= Exercise aim =
Your answer must consist of one number: how many lines in the records contain "banach".

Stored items
_ _ _ _ _
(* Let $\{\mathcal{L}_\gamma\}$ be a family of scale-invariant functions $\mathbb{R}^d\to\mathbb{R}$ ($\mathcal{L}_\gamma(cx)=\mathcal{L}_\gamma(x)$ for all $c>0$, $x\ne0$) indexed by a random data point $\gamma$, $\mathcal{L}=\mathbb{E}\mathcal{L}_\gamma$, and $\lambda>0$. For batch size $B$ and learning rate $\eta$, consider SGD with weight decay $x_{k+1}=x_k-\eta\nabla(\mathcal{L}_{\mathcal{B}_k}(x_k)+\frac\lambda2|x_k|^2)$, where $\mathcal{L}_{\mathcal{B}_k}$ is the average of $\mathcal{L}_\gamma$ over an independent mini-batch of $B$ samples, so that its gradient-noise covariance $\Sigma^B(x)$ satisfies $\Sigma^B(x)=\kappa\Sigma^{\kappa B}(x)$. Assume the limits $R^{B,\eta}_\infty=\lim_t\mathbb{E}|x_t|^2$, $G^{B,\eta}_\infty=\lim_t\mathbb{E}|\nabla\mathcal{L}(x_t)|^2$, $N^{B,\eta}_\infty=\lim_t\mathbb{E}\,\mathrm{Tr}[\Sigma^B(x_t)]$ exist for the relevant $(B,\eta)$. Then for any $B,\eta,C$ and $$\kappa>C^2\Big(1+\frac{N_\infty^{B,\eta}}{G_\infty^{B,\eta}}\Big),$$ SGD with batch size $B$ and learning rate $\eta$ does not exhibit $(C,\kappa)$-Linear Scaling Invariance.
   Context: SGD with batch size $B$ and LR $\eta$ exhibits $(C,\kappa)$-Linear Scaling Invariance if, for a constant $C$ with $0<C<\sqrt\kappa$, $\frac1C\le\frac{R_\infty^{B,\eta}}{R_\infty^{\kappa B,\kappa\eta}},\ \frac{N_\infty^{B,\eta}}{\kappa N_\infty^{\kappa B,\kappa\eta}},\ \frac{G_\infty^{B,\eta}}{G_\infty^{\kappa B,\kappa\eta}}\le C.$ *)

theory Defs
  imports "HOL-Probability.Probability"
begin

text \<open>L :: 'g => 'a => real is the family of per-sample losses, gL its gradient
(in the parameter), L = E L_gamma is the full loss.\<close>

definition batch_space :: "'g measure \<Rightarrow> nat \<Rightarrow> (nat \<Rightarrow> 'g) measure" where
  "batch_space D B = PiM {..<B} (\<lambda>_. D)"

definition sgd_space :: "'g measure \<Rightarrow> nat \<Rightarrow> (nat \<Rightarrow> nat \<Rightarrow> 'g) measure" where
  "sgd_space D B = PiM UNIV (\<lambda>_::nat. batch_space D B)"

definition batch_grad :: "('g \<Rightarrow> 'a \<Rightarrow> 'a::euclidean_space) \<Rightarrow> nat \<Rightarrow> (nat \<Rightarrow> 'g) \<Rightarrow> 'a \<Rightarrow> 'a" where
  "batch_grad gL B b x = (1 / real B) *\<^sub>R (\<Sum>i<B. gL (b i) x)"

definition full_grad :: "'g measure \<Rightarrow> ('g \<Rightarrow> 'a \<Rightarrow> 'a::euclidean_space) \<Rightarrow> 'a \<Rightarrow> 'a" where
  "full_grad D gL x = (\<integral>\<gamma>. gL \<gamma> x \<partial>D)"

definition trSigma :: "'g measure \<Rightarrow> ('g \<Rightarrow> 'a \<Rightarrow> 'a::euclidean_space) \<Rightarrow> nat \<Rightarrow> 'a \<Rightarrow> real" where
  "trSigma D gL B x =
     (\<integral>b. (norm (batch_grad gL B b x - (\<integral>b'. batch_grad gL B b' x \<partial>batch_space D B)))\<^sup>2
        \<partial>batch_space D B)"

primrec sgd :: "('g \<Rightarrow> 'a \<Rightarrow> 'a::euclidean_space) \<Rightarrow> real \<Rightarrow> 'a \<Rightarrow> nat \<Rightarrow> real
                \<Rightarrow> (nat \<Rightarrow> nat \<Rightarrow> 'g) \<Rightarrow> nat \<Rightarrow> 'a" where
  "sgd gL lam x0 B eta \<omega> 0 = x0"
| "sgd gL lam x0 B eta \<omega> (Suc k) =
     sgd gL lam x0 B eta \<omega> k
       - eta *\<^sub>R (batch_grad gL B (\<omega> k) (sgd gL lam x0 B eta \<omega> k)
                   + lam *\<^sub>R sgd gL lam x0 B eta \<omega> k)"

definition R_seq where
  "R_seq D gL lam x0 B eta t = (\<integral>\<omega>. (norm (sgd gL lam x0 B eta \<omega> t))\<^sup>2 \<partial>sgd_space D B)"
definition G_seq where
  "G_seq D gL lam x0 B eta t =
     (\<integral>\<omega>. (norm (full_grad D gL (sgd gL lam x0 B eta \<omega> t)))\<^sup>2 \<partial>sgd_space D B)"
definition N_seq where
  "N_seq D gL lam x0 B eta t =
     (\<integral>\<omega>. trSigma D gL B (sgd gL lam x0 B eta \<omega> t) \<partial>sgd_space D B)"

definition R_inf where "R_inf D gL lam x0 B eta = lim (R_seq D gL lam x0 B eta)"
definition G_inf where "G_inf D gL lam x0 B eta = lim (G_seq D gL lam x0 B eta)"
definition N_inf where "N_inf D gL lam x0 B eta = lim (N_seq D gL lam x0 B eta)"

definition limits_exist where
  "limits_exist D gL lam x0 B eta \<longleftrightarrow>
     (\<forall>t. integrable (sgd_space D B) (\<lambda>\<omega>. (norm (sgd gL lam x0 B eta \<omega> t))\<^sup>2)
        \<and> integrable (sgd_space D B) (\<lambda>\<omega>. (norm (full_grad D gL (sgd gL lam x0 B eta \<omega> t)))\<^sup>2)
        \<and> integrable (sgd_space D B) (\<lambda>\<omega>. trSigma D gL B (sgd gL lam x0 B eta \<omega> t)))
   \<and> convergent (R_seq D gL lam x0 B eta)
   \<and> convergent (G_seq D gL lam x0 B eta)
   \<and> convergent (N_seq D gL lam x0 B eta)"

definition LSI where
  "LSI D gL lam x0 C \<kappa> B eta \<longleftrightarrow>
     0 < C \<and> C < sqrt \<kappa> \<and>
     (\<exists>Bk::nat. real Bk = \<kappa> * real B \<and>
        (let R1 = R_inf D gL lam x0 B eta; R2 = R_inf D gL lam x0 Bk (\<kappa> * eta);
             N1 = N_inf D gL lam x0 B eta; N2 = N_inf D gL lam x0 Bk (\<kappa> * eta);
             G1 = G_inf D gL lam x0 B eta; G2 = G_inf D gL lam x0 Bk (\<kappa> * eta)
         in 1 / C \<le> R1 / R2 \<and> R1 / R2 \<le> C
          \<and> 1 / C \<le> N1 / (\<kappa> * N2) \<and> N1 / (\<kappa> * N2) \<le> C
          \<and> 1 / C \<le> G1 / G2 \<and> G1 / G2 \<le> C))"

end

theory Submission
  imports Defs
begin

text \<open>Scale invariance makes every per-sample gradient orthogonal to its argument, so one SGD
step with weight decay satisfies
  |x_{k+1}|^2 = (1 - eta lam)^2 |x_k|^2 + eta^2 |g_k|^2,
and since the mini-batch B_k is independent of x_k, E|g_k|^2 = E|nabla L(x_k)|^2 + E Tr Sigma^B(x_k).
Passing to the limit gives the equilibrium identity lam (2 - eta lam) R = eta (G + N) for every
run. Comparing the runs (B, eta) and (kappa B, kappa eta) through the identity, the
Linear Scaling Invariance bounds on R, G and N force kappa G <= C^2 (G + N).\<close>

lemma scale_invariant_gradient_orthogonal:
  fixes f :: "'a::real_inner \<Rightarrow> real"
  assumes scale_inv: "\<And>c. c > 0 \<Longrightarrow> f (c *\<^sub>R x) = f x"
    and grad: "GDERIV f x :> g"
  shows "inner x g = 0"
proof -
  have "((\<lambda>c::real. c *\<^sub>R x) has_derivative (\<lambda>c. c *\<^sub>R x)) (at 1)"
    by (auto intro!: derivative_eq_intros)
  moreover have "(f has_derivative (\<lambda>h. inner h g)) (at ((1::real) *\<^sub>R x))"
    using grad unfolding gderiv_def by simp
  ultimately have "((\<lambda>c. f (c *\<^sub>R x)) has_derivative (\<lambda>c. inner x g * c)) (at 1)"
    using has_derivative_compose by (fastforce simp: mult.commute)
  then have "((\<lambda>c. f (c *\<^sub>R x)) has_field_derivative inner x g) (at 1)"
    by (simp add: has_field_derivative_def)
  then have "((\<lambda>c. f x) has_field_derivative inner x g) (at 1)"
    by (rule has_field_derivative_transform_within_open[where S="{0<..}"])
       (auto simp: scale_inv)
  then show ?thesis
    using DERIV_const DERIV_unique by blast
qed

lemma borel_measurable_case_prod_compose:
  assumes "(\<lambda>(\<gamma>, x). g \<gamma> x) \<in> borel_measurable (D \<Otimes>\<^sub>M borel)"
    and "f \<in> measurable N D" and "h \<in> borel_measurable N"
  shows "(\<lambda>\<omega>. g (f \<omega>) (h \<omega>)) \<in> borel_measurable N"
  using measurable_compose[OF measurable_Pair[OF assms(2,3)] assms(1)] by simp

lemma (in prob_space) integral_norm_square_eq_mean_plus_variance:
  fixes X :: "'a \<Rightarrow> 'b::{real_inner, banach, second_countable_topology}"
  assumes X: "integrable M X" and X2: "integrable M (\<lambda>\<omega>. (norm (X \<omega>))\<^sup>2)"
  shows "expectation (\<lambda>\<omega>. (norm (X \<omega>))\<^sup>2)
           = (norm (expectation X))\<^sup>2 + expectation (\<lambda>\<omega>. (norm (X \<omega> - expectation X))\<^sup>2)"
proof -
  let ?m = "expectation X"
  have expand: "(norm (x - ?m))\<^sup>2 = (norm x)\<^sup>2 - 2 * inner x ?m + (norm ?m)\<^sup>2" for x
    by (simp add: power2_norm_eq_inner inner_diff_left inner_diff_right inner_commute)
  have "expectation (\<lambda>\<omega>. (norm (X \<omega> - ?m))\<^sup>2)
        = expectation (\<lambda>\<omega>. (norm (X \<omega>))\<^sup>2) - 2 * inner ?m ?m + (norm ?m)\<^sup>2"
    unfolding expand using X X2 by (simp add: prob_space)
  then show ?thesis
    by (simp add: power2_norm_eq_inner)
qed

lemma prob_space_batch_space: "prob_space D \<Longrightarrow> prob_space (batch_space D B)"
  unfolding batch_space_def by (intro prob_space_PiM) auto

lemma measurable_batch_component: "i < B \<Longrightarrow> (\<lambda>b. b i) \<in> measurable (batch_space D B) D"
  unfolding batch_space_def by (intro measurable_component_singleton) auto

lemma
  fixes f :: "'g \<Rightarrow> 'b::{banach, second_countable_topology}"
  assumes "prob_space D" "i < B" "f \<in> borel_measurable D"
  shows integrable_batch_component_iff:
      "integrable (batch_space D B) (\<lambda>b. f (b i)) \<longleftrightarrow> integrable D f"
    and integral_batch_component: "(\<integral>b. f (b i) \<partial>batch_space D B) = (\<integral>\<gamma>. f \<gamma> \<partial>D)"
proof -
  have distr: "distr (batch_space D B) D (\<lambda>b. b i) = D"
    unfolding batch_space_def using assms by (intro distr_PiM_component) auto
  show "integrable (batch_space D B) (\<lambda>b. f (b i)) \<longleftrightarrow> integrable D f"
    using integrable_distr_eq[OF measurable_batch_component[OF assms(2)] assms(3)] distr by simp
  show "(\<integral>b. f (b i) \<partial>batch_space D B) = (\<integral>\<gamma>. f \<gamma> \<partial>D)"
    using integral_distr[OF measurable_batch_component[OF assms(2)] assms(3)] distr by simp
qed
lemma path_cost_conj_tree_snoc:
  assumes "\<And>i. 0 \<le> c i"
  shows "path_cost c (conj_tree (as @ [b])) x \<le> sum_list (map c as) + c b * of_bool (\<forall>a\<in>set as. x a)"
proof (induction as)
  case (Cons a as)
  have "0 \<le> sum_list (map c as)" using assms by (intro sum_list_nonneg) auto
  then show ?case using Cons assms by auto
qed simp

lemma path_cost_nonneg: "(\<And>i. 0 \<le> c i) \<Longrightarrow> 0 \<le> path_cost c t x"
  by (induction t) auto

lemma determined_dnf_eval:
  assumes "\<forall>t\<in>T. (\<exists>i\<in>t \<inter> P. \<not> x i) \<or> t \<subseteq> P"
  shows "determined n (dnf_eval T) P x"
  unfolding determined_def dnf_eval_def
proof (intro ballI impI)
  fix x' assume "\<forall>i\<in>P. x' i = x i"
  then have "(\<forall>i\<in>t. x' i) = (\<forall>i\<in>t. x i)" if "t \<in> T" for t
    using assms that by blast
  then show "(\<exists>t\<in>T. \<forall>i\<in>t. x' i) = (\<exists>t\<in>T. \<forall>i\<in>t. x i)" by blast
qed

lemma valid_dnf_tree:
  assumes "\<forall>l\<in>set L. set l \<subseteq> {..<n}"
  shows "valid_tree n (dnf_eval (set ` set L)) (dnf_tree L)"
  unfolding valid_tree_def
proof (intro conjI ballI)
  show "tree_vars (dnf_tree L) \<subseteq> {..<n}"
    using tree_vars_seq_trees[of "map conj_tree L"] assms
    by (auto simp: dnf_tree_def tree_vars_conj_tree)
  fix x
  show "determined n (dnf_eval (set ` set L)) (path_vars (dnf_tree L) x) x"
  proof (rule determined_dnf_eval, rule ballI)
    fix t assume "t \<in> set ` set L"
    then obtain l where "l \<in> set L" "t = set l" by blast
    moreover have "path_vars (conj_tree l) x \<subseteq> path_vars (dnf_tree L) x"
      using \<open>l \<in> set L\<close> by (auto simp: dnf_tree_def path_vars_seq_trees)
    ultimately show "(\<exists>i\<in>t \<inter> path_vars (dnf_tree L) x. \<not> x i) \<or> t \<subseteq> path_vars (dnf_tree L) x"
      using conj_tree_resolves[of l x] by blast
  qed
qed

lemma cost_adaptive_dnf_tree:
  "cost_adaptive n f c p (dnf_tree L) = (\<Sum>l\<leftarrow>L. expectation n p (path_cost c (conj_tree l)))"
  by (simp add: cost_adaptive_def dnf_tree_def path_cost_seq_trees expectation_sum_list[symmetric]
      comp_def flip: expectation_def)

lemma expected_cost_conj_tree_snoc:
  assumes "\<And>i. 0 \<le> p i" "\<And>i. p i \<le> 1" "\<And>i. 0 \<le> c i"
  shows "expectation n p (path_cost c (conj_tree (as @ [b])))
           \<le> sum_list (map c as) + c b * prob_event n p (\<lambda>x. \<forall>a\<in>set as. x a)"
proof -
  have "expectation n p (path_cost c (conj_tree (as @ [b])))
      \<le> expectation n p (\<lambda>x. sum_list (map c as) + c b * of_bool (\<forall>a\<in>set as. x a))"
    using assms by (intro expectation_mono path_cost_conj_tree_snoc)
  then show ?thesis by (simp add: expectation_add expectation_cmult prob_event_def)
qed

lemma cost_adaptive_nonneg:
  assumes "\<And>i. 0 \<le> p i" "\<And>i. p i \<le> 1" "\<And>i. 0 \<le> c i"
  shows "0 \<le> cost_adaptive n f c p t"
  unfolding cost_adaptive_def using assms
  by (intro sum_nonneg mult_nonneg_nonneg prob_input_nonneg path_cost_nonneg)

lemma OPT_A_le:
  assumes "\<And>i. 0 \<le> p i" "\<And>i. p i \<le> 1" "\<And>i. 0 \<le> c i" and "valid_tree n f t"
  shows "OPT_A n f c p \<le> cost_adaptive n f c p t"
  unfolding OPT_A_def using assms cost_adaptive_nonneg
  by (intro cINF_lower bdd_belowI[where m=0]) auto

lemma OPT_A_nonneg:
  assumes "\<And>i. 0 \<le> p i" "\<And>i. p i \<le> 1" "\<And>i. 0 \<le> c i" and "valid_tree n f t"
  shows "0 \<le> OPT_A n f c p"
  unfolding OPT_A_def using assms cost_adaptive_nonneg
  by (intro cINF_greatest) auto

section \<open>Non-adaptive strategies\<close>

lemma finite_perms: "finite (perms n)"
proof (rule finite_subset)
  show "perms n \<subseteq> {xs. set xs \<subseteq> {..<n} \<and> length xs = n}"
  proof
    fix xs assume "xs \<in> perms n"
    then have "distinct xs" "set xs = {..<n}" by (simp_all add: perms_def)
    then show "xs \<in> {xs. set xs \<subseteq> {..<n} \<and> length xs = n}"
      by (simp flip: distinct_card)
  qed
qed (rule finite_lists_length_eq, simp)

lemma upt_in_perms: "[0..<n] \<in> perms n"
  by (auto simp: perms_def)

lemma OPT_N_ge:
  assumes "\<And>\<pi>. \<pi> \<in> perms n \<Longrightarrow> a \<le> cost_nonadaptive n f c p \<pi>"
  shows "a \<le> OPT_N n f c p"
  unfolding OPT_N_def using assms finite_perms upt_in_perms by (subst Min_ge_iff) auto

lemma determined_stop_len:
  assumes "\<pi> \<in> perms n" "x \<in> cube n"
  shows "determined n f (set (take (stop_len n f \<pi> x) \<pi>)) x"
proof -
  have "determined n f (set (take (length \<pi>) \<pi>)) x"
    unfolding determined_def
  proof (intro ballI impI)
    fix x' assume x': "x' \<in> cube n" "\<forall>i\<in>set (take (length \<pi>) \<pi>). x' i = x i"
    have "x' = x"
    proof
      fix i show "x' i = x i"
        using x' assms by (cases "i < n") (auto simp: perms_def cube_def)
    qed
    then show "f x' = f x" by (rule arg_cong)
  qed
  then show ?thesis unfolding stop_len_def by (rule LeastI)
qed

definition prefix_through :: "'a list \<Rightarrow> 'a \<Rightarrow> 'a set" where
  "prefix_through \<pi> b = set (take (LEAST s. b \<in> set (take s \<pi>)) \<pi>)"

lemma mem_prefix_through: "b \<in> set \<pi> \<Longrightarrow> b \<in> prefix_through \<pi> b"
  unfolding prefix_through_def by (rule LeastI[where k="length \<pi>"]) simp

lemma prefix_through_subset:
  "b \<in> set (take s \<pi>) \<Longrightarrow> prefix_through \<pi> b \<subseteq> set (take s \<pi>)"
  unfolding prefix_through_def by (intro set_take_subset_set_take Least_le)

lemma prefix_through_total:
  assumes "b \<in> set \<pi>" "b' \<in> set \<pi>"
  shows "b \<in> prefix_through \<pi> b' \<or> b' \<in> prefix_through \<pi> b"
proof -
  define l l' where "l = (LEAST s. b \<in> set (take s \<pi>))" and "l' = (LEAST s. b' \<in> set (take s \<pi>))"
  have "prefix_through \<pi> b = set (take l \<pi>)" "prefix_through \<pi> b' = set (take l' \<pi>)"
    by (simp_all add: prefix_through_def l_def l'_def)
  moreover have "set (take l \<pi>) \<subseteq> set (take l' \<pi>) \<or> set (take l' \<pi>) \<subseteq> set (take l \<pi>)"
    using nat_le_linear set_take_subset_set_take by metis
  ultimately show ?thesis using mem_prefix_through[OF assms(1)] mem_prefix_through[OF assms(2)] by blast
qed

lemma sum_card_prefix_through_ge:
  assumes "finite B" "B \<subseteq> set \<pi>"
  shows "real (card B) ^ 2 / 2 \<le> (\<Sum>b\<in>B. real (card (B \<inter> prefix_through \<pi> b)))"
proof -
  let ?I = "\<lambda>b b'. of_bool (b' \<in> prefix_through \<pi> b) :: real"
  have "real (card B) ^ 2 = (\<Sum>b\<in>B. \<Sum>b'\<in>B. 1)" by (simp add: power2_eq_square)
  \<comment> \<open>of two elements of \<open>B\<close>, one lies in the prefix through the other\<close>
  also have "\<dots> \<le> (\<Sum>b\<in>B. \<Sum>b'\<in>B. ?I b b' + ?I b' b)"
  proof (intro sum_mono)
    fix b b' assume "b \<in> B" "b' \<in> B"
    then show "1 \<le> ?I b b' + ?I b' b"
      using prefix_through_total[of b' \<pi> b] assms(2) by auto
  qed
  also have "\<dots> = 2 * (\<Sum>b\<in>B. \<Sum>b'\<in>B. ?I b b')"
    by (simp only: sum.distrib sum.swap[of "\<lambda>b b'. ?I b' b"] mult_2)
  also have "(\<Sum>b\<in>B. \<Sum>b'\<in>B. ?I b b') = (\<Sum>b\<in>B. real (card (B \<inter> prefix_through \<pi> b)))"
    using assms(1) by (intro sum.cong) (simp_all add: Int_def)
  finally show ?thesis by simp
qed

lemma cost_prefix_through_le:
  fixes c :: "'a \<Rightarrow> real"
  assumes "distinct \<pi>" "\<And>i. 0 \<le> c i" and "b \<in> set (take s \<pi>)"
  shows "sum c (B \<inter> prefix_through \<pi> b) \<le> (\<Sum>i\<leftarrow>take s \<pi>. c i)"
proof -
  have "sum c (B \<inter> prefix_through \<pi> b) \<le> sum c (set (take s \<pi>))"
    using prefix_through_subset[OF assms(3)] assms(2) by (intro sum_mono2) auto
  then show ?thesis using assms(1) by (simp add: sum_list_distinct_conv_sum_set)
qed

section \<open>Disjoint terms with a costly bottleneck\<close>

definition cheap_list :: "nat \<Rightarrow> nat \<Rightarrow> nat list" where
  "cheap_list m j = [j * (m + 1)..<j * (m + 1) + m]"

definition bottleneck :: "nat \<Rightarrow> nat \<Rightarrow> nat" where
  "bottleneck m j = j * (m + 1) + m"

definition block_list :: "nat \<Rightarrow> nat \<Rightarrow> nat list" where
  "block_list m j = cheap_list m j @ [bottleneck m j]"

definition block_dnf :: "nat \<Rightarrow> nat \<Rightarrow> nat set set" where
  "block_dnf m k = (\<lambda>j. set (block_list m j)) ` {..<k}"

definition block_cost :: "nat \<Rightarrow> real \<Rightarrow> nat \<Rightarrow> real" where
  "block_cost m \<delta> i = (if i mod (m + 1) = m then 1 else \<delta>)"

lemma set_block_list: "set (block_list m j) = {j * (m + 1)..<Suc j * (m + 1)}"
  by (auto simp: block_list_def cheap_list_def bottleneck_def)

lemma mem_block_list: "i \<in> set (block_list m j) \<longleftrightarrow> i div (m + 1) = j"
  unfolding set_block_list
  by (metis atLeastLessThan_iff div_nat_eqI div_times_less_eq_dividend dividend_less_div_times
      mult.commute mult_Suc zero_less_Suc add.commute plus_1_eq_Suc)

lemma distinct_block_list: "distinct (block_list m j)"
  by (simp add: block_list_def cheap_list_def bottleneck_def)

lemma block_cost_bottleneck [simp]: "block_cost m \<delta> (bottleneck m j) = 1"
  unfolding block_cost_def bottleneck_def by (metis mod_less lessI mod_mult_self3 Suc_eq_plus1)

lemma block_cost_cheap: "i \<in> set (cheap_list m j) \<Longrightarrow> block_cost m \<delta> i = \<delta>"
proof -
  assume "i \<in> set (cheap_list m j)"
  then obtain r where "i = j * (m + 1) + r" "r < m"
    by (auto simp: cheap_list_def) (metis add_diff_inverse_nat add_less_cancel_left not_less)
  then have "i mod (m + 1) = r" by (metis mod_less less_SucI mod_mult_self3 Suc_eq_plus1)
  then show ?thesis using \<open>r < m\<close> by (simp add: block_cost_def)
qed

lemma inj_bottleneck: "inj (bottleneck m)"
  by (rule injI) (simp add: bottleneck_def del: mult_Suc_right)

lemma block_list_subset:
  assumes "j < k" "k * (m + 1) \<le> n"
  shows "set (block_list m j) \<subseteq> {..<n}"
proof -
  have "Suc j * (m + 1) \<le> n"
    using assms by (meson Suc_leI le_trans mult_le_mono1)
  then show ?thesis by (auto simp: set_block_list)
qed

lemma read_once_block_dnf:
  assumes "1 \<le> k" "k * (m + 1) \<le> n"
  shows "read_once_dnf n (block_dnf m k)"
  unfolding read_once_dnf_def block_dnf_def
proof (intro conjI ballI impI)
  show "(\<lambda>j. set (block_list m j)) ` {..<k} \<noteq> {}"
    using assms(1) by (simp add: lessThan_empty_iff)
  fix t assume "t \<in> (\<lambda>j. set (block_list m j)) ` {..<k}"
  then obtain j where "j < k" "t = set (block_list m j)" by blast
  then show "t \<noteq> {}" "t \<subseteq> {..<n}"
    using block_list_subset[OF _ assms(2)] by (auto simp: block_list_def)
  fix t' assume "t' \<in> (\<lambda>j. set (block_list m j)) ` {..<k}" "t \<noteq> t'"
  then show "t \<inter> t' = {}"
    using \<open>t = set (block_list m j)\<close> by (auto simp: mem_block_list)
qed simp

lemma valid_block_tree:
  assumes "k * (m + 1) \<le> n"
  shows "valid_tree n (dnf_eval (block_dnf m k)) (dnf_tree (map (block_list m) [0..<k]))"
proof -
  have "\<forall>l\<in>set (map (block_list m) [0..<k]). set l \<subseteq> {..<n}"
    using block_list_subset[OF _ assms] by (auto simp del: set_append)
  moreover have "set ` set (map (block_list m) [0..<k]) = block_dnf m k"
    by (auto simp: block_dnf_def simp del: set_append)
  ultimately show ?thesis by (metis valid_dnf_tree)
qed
_ _ _ _ _
= Exercise output =
2